Patients And Methods: Ischemic stroke patients with AF were enrolled in this cohort study. The primary outcome was 1-year functional dependence or death (modified Rankin scale (mRS) score 3-6). Secondary outcomes included hemorrhagic transformation (HT) and early neurological deterioration (END, increase in the National Institutes of Health Stroke Scale (NIHSS) ≥4 within 7 days). Partial correlations were performed to assess the correlation between systemic inflammation markers and admission NIHSS scores. Univariate and multivariate logistic analyses were performed to investigate whether systemic inflammatory markers were independent predictors of adverse outcomes.

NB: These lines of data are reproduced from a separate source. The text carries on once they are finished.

(* Let $\gamma,h>0$, $z,\tilde z\in\mathbb{R}^{2d}$, $n\ge1$, write $\Delta z=\tilde z-z=(\Delta x,\Delta v)$, and let $y_k=(u_k,w_k)$, $k\in\{0,\dots,n\}$, be the optimized trajectory. Then for all $k\in\{0,\dots,n\}$, \[ |u_k|\le|\Delta x|+\frac{he^{-\gamma h/2}}{1-e^{-\gamma h}}(1-e^{-\gamma hn})|\Delta v|\le 2\left(1+\frac{hn}{2+\gamma hn}\right)|\Delta z|. \]
   Context: Let $A_h=\begin{pmatrix} I_d & he^{-\gamma h/2}I_d\\ 0 & e^{-\gamma h}I_d\end{pmatrix}$, $L_h=(1-e^{-\gamma h})^{1/2}\begin{pmatrix} hI_d & 0\\ e^{-\gamma h/2}I_d & I_d\end{pmatrix}$, $\Sigma_{h,n}=\sum_{k=1}^n A_h^{n-k}L_hL_h^T(A_h^T)^{n-k}$, $\Delta z=\tilde z-z$, and $E_k=L_h^T(A_h^T)^{n-k}\Sigma_{h,n}^{-1}A_h^n\Delta z$ for $k=1,\dots,n$. The optimized trajectory is $y_0=\Delta z$, $y_{k+1}=A_hy_k-L_hE_{k+1}$ for $k=0,\dots,n-1$, with $y_k=(u_k,w_k)\in\mathbb{R}^d\times\mathbb{R}^d$ (position and velocity components). *)

theory Defs
  imports "HOL-Analysis.Analysis"
begin

text \<open>Vectors of R^{2d} are indexed by the sum type 'd + 'd: indices Inl i are the
 position coordinates, Inr i the velocity coordinates (i ranges over the d-element type 'd).\<close>

type_synonym 'd phase = "real ^ ('d + 'd)"
type_synonym 'd phmat = "real ^ ('d + 'd) ^ ('d + 'd)"

definition blockmat :: "real \<Rightarrow> real \<Rightarrow> real \<Rightarrow> real \<Rightarrow> ('d::finite) phmat" where
  "blockmat a b c e = (\<chi> i j. (case (i, j) of
      (Inl p, Inl q) \<Rightarrow> (if p = q then a else 0)
    | (Inl p, Inr q) \<Rightarrow> (if p = q then b else 0)
    | (Inr p, Inl q) \<Rightarrow> (if p = q then c else 0)
    | (Inr p, Inr q) \<Rightarrow> (if p = q then e else 0)))"

primrec matpow :: "('a::semiring_1) ^ 'n ^ 'n \<Rightarrow> nat \<Rightarrow> 'a ^ 'n ^ 'n" where
  "matpow M 0 = mat 1"
| "matpow M (Suc k) = M ** matpow M k"

definition Ah :: "real \<Rightarrow> real \<Rightarrow> ('d::finite) phmat" where
  "Ah \<gamma> h = blockmat 1 (h * exp (-\<gamma>*h/2)) 0 (exp (-\<gamma>*h))"

definition Lh :: "real \<Rightarrow> real \<Rightarrow> ('d::finite) phmat" where
  "Lh \<gamma> h = sqrt (1 - exp (-\<gamma>*h)) *\<^sub>R blockmat h 0 (exp (-\<gamma>*h/2)) 1"

definition Sigma_hn :: "real \<Rightarrow> real \<Rightarrow> nat \<Rightarrow> ('d::finite) phmat" where
  "Sigma_hn \<gamma> h n = (\<Sum>k=1..n. matpow (Ah \<gamma> h) (n-k) ** Lh \<gamma> h ** transpose (Lh \<gamma> h)
                                   ** matpow (transpose (Ah \<gamma> h)) (n-k))"

definition Ek :: "real \<Rightarrow> real \<Rightarrow> nat \<Rightarrow> ('d::finite) phase \<Rightarrow> nat \<Rightarrow> 'd phase" where
  "Ek \<gamma> h n dz k = (transpose (Lh \<gamma> h) ** matpow (transpose (Ah \<gamma> h)) (n-k)
                      ** matrix_inv (Sigma_hn \<gamma> h n) ** matpow (Ah \<gamma> h) n) *v dz"

primrec traj :: "real \<Rightarrow> real \<Rightarrow> nat \<Rightarrow> ('d::finite) phase \<Rightarrow> nat \<Rightarrow> 'd phase" where
  "traj \<gamma> h n dz 0 = dz"
| "traj \<gamma> h n dz (Suc k) = Ah \<gamma> h *v traj \<gamma> h n dz k - Lh \<gamma> h *v Ek \<gamma> h n dz (Suc k)"

definition pos :: "('d::finite) phase \<Rightarrow> real ^ 'd" where
  "pos y = (\<chi> i. y $ Inl i)"

definition vel :: "('d::finite) phase \<Rightarrow> real ^ 'd" where
  "vel y = (\<chi> i. y $ Inr i)"

end

theory Submission
  imports Defs
begin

Results: A total of 408 patients were included. Partial correlation analysis revealed statistically significant but weak correlations between the NLR (r = 0.287; P < 0.001), PLR (r = 0.158; P = 0.001) and admission NIHSS score. Compared with patients without HT or END, patients who developed HT or END had higher NLR and PLR, and lower LMR. Patients in the functional dependence or death group had significantly higher NLR and PLR, and lower LMR than those in the functional independence group (all P < 0.001). Multivariate logistic analysis indicated that NLR, LMR and PLR were independent predictors of HT (OR = 1.069, 0.814 and 1.003, respectively), END (OR = 1.100, 0.768 and 1.006, respectively) and adverse 1-year functional outcome (OR = 1.139, 0.760 and 1.005, respectively).

Conclusion: NLR, LMR and PLR were independent predictors for in-hospital HT, END and long-term functional outcome in ischemic stroke patients with AF. Close monitoring of these inflammatory markers may help guide risk stratification and clinical treatment strategies.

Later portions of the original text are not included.